Task statement: Answer with the exact lines of the following material from the one containing "using someI_ex unfolding" through the one containing "conformal_metric_def pseudo_euclidean_def vec_eq_iff)", both end lines included.

─── Task data ───

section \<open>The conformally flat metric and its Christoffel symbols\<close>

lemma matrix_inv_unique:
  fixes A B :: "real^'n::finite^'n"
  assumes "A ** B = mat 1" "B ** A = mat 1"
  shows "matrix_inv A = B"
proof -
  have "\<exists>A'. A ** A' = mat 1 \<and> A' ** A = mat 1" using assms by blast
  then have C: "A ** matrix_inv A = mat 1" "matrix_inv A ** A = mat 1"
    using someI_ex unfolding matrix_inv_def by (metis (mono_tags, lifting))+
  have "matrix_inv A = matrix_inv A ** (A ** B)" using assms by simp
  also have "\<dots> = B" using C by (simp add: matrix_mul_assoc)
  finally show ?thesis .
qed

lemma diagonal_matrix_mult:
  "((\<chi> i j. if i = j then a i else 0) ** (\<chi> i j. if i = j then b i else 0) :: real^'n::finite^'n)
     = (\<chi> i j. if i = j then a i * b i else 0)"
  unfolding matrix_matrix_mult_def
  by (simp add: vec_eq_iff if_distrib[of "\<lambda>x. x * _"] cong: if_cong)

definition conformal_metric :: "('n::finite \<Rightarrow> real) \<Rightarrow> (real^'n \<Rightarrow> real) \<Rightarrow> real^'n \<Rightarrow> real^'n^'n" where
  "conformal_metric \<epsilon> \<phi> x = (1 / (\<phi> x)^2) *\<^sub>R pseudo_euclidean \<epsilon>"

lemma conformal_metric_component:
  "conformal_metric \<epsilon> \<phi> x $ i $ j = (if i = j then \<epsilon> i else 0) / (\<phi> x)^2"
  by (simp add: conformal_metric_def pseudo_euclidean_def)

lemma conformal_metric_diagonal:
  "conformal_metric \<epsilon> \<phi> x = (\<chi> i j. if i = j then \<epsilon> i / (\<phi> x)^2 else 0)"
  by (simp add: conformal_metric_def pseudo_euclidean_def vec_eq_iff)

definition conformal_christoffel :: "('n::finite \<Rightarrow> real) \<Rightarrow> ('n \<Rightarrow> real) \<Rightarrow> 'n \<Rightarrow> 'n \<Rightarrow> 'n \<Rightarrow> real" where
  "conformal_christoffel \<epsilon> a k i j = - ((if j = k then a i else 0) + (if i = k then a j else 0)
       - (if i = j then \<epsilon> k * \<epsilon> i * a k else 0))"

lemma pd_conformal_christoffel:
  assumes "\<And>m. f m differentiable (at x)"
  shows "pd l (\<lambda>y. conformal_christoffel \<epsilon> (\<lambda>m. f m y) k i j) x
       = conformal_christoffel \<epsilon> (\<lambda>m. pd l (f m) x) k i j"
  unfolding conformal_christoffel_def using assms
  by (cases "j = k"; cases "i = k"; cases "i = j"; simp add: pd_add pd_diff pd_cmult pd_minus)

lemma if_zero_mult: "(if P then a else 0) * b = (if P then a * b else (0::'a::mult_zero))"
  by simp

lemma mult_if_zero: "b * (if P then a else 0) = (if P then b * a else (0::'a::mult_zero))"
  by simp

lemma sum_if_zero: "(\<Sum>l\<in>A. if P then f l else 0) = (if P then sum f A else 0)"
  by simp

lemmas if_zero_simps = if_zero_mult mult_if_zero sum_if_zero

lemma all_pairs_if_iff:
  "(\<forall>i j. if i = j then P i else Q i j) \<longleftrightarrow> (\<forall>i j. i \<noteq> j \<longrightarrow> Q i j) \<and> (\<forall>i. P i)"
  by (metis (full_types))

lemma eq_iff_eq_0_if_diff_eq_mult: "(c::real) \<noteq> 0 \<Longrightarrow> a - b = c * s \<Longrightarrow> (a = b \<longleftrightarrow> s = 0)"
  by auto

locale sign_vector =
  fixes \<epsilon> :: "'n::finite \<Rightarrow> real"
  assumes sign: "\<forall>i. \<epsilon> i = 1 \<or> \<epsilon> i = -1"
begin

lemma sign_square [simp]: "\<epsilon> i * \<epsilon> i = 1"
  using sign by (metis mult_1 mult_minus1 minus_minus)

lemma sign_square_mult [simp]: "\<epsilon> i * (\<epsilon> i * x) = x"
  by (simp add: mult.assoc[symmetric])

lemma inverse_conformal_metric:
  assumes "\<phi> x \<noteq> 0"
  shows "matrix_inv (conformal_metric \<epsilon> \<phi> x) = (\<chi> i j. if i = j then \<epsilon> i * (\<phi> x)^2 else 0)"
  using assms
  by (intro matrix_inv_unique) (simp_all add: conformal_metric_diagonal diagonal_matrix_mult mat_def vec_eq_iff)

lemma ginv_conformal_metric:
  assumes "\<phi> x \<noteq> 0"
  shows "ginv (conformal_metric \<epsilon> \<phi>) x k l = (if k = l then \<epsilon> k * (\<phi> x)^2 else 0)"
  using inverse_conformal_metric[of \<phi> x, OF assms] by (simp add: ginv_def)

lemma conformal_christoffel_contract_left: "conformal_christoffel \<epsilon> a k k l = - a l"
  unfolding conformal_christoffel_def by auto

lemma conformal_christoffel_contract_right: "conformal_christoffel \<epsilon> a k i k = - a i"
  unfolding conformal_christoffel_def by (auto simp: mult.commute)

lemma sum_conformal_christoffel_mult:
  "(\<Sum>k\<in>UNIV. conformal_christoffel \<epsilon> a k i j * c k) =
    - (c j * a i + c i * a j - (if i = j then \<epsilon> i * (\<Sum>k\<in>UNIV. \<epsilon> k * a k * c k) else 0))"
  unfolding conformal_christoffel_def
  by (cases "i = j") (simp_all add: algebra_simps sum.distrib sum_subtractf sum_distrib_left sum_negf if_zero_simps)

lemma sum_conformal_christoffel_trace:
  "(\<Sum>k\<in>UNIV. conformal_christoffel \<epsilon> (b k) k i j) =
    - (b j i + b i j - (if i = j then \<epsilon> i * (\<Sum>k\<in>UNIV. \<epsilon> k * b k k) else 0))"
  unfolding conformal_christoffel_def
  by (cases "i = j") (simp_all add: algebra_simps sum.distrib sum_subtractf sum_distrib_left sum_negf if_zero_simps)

───
─── Task data ───

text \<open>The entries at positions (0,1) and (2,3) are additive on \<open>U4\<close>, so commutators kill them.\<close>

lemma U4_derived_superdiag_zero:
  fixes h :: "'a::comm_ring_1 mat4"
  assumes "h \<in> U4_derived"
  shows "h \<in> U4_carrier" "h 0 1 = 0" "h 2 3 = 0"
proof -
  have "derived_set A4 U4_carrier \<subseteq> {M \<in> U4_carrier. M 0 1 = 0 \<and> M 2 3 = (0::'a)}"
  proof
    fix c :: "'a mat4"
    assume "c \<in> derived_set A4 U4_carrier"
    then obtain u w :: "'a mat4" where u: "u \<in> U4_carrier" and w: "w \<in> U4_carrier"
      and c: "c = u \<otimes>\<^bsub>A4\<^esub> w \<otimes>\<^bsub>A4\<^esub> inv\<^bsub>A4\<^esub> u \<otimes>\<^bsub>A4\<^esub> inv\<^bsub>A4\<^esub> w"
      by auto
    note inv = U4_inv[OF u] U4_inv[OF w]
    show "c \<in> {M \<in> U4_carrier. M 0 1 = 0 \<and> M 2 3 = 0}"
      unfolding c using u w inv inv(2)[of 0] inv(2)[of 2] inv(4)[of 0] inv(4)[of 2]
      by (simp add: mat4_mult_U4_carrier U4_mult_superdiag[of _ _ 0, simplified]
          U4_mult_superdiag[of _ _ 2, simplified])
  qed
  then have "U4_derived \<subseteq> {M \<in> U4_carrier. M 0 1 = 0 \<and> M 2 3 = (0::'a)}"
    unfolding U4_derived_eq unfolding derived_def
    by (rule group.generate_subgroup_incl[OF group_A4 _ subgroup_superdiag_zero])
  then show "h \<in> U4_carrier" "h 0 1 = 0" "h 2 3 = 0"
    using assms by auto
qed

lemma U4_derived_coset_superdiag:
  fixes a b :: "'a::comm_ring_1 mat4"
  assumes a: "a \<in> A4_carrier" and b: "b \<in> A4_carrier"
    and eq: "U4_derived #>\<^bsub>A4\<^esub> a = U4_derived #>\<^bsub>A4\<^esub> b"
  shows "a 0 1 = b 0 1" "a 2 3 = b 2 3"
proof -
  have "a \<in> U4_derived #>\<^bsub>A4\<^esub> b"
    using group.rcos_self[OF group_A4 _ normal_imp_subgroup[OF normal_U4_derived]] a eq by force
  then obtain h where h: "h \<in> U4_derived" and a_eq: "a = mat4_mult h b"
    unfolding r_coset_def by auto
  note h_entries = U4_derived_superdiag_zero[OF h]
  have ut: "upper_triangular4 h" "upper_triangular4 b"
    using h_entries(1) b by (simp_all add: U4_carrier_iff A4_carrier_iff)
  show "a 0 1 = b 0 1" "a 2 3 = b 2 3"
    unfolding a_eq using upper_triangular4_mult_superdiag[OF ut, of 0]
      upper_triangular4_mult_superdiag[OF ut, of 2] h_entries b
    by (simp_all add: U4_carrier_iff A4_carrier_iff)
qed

───
─── Task data ───

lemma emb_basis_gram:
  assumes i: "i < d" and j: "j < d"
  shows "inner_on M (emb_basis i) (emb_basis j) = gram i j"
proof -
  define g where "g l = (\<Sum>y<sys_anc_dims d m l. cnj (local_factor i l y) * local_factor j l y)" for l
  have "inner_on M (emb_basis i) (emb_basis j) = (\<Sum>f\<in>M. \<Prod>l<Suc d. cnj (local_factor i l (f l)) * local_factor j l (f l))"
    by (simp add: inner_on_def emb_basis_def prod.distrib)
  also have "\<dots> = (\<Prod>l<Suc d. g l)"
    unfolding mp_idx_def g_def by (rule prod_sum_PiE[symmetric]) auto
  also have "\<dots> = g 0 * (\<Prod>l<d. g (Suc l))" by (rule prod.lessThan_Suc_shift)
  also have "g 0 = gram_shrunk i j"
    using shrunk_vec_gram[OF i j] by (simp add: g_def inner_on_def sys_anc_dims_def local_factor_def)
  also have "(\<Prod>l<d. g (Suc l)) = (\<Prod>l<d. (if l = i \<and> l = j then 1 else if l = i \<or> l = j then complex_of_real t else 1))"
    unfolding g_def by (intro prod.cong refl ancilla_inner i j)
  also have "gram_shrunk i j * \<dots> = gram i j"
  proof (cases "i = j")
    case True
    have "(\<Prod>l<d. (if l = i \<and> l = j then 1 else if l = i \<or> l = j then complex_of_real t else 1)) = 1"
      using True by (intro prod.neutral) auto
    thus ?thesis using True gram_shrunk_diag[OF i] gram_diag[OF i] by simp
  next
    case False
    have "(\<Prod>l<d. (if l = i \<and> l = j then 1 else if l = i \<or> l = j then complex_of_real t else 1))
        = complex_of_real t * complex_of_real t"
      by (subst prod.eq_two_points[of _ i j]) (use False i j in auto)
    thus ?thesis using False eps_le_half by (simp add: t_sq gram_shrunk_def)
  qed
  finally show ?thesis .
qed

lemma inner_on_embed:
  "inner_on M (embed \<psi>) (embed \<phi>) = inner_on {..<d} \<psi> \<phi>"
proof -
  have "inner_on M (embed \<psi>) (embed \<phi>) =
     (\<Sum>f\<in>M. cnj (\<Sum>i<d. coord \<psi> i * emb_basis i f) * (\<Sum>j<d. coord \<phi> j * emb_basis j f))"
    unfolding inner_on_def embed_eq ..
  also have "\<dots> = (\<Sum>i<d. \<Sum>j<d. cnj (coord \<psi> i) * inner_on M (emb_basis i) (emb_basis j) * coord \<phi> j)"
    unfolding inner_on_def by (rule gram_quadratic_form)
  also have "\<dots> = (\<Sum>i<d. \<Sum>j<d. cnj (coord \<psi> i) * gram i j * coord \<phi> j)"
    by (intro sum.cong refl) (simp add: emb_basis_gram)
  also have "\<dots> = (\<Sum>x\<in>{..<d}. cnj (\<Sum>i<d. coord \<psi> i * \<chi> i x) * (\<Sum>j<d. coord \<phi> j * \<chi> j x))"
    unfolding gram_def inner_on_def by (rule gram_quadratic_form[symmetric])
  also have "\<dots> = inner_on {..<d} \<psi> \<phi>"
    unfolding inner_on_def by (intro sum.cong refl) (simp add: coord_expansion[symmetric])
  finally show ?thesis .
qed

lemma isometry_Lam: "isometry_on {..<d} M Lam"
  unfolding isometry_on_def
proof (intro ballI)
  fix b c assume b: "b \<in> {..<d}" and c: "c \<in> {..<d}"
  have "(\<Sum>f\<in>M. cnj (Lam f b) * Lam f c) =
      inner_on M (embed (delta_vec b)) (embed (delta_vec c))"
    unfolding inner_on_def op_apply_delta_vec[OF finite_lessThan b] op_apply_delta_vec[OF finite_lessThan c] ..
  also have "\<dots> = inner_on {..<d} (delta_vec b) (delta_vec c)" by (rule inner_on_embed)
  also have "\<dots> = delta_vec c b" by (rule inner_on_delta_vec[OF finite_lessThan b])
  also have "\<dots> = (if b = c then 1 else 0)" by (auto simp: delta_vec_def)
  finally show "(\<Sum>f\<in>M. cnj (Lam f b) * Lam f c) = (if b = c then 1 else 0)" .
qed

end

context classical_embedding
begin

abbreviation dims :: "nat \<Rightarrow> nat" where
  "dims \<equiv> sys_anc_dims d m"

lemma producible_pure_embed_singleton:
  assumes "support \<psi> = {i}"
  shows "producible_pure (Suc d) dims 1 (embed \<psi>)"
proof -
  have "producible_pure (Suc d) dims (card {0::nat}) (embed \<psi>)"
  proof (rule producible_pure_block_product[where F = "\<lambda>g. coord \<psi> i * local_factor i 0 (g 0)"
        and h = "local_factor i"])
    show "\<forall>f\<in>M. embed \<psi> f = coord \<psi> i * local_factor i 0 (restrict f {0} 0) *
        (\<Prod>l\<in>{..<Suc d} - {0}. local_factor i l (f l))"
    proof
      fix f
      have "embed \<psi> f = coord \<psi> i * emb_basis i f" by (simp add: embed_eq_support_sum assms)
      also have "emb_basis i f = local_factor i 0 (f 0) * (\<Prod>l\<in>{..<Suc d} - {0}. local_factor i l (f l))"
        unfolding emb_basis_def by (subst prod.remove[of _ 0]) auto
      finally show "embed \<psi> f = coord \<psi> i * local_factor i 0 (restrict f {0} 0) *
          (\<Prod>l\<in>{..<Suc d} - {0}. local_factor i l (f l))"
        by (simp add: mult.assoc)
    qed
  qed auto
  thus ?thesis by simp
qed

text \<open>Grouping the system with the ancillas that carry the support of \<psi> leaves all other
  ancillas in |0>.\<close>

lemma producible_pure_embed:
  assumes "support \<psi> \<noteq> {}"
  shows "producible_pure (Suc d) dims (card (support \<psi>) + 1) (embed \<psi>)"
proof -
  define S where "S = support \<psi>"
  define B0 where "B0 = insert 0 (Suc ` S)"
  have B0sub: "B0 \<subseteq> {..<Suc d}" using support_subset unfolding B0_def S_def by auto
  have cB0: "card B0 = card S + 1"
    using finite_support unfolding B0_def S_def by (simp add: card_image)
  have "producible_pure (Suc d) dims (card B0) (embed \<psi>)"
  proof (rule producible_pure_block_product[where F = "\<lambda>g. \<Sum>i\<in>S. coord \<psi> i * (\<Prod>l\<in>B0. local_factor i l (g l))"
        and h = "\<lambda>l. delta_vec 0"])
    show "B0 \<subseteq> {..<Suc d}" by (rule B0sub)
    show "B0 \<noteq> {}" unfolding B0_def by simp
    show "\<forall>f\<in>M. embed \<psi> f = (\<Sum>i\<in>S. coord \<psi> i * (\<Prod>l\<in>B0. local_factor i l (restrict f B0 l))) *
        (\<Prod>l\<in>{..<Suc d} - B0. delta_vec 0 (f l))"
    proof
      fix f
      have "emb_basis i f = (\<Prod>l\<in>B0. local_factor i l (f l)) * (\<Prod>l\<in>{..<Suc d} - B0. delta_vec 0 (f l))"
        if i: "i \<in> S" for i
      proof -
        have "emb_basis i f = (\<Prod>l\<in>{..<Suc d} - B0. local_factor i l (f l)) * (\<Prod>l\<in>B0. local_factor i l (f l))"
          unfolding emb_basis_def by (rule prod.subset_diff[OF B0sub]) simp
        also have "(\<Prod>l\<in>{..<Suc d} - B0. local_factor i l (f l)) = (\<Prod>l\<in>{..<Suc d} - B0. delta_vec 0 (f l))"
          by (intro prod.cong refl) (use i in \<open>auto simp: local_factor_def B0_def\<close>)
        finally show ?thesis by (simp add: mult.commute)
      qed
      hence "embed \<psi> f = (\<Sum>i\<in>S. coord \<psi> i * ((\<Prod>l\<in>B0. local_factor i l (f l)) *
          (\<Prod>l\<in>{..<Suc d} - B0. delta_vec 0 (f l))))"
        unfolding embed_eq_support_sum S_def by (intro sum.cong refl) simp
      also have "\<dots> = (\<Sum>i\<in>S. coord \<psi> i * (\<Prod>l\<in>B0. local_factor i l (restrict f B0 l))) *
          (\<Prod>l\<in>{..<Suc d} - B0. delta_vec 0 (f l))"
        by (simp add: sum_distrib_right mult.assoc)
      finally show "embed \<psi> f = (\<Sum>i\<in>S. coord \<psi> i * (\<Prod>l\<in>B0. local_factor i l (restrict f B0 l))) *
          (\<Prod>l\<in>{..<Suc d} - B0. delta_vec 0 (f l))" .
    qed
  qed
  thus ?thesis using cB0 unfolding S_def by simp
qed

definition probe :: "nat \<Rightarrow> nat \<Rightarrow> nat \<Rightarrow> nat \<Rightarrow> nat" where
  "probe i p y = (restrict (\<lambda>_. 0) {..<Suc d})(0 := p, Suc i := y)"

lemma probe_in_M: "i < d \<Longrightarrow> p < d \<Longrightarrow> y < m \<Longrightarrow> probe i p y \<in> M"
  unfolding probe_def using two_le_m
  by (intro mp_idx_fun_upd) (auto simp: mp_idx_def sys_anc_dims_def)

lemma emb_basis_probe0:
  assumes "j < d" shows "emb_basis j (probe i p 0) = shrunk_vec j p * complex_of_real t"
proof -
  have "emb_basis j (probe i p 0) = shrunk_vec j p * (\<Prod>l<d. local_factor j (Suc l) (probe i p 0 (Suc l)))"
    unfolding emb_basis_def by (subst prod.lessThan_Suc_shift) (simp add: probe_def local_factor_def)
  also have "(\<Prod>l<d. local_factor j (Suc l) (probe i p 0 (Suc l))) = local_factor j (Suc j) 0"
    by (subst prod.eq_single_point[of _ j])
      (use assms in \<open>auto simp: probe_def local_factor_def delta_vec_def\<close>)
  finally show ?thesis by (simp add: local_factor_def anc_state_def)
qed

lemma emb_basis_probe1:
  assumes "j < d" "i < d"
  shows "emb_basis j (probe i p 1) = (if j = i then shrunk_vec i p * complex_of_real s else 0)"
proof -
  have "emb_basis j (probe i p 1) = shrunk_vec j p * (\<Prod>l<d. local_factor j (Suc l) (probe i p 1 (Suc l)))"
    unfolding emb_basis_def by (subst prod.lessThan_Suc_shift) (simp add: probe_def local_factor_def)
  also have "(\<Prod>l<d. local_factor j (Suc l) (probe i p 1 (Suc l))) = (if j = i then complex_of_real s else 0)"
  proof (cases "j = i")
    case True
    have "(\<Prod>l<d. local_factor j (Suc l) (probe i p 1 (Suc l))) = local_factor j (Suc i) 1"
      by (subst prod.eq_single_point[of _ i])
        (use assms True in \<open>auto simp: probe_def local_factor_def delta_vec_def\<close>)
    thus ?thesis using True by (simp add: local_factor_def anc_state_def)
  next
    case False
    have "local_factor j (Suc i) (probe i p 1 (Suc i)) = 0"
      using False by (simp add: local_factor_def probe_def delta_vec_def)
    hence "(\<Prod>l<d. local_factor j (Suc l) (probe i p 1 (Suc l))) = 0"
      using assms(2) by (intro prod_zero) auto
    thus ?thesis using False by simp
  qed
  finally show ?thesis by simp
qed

───

Your response:
    using someI_ex unfolding matrix_inv_def by (metis (mono_tags, lifting))+
  have "matrix_inv A = matrix_inv A ** (A ** B)" using assms by simp
  also have "\<dots> = B" using C by (simp add: matrix_mul_assoc)
  finally show ?thesis .
qed

lemma diagonal_matrix_mult:
  "((\<chi> i j. if i = j then a i else 0) ** (\<chi> i j. if i = j then b i else 0) :: real^'n::finite^'n)
     = (\<chi> i j. if i = j then a i * b i else 0)"
  unfolding matrix_matrix_mult_def
  by (simp add: vec_eq_iff if_distrib[of "\<lambda>x. x * _"] cong: if_cong)

definition conformal_metric :: "('n::finite \<Rightarrow> real) \<Rightarrow> (real^'n \<Rightarrow> real) \<Rightarrow> real^'n \<Rightarrow> real^'n^'n" where
  "conformal_metric \<epsilon> \<phi> x = (1 / (\<phi> x)^2) *\<^sub>R pseudo_euclidean \<epsilon>"

lemma conformal_metric_component:
  "conformal_metric \<epsilon> \<phi> x $ i $ j = (if i = j then \<epsilon> i else 0) / (\<phi> x)^2"
  by (simp add: conformal_metric_def pseudo_euclidean_def)

lemma conformal_metric_diagonal:
  "conformal_metric \<epsilon> \<phi> x = (\<chi> i j. if i = j then \<epsilon> i / (\<phi> x)^2 else 0)"
  by (simp add: conformal_metric_def pseudo_euclidean_def vec_eq_iff)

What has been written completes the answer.